### WHAT NEEDS TO BE DONE
Please show each line of the listing where "dots" is present.

### RECORDS PROVIDED

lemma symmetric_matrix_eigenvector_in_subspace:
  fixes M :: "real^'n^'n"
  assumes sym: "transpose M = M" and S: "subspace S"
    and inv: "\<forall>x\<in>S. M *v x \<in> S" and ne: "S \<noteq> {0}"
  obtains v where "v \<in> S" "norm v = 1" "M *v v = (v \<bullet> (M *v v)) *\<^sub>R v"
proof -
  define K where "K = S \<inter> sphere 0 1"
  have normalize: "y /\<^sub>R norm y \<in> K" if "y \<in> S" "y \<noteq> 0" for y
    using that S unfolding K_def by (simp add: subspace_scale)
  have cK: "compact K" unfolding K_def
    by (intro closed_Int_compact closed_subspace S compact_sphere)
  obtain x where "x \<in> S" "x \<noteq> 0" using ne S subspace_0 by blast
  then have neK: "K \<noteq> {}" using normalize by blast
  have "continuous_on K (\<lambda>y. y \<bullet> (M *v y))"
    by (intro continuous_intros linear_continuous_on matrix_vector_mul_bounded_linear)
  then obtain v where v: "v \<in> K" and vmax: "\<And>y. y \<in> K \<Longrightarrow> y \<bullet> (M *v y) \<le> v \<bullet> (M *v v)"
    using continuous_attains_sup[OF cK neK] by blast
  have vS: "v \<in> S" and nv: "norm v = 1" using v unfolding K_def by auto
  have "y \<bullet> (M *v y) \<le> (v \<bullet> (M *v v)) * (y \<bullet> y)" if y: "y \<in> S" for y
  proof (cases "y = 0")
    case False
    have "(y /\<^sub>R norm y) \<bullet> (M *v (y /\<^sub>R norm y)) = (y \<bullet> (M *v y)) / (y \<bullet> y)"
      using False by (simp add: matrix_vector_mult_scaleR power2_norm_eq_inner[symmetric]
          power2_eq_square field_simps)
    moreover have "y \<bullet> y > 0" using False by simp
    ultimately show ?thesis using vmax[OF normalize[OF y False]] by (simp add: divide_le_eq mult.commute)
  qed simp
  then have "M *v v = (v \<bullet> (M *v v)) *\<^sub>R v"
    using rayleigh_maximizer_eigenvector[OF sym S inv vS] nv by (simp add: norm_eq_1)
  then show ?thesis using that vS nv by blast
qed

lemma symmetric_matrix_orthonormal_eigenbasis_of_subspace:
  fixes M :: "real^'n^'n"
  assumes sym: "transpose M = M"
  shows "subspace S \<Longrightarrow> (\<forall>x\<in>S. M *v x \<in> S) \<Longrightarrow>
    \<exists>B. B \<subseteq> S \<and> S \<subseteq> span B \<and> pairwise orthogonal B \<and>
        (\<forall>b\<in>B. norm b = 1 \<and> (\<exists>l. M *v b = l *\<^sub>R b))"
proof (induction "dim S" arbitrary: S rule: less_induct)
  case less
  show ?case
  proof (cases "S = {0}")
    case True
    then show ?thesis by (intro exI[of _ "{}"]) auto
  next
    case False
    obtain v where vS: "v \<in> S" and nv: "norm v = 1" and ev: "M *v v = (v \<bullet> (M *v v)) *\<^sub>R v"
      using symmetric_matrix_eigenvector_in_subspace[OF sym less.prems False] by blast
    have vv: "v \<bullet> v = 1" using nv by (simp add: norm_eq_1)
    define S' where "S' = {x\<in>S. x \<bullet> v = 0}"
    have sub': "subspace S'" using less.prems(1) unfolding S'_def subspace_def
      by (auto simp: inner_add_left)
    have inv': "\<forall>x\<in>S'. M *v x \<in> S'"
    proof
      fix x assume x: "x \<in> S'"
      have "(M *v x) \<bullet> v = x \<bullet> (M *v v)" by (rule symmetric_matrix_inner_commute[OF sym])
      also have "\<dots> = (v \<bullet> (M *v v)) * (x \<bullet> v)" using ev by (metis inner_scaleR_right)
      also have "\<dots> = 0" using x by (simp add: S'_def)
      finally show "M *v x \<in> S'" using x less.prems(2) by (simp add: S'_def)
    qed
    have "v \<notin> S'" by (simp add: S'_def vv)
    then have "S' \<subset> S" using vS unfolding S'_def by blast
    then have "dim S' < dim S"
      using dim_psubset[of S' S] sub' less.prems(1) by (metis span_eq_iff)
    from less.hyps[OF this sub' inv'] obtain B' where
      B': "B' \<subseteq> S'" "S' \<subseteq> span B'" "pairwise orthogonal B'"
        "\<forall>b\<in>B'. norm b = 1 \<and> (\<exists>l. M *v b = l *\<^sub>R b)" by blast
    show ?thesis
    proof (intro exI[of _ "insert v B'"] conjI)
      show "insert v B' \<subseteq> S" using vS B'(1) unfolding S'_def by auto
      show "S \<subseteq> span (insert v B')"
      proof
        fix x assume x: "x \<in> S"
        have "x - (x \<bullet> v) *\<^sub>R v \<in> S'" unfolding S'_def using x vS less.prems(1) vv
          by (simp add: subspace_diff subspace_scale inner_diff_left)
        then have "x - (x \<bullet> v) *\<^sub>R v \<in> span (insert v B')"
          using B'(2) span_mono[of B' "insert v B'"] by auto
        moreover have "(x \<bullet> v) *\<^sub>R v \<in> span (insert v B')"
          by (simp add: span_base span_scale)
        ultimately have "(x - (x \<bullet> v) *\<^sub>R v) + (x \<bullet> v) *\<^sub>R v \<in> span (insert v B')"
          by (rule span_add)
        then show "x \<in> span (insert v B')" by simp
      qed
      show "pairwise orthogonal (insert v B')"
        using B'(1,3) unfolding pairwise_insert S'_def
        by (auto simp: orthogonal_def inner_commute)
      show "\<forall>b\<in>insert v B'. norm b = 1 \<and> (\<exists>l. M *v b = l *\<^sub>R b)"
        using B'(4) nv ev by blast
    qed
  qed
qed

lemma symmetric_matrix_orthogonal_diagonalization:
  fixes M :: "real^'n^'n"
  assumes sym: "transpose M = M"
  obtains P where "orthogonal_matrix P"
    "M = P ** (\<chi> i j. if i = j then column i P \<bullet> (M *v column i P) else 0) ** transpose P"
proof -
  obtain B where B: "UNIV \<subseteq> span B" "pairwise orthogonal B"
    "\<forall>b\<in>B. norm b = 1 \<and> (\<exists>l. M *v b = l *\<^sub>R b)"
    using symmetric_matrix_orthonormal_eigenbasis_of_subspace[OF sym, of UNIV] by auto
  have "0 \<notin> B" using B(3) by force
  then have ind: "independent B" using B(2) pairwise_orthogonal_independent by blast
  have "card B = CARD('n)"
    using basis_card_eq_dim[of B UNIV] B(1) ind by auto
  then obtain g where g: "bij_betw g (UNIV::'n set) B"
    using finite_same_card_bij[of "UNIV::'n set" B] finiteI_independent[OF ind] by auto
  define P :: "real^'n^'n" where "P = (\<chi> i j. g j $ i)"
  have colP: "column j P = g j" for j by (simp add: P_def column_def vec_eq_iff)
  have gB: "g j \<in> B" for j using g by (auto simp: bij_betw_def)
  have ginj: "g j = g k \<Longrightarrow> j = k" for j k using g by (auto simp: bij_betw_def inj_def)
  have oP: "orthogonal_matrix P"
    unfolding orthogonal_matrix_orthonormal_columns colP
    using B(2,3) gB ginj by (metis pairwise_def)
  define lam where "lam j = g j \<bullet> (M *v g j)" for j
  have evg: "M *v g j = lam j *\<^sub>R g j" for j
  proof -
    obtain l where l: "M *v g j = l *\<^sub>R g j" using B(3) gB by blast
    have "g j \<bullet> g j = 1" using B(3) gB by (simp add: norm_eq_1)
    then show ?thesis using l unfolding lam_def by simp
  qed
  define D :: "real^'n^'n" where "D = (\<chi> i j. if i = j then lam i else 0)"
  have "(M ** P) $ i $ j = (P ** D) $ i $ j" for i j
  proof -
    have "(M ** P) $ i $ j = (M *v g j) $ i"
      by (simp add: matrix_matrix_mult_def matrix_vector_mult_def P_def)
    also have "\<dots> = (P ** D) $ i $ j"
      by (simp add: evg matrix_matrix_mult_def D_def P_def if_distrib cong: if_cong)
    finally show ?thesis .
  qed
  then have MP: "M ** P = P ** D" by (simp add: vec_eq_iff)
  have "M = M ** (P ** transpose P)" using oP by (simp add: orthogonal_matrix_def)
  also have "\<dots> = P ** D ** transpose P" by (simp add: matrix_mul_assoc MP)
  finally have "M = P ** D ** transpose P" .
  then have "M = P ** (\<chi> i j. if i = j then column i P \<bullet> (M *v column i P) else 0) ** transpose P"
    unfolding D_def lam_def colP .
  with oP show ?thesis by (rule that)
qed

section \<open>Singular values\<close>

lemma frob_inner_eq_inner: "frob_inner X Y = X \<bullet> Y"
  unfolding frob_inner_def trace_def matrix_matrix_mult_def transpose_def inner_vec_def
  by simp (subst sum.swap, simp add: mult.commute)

### WRITTEN ANSWER
      also have "\<dots> = (v \<bullet> (M *v v)) * (x \<bullet> v)" using ev by (metis inner_scaleR_right)
      also have "\<dots> = 0" using x by (simp add: S'_def)
    also have "\<dots> = (P ** D) $ i $ j"
  also have "\<dots> = P ** D ** transpose P" by (simp add: matrix_mul_assoc MP)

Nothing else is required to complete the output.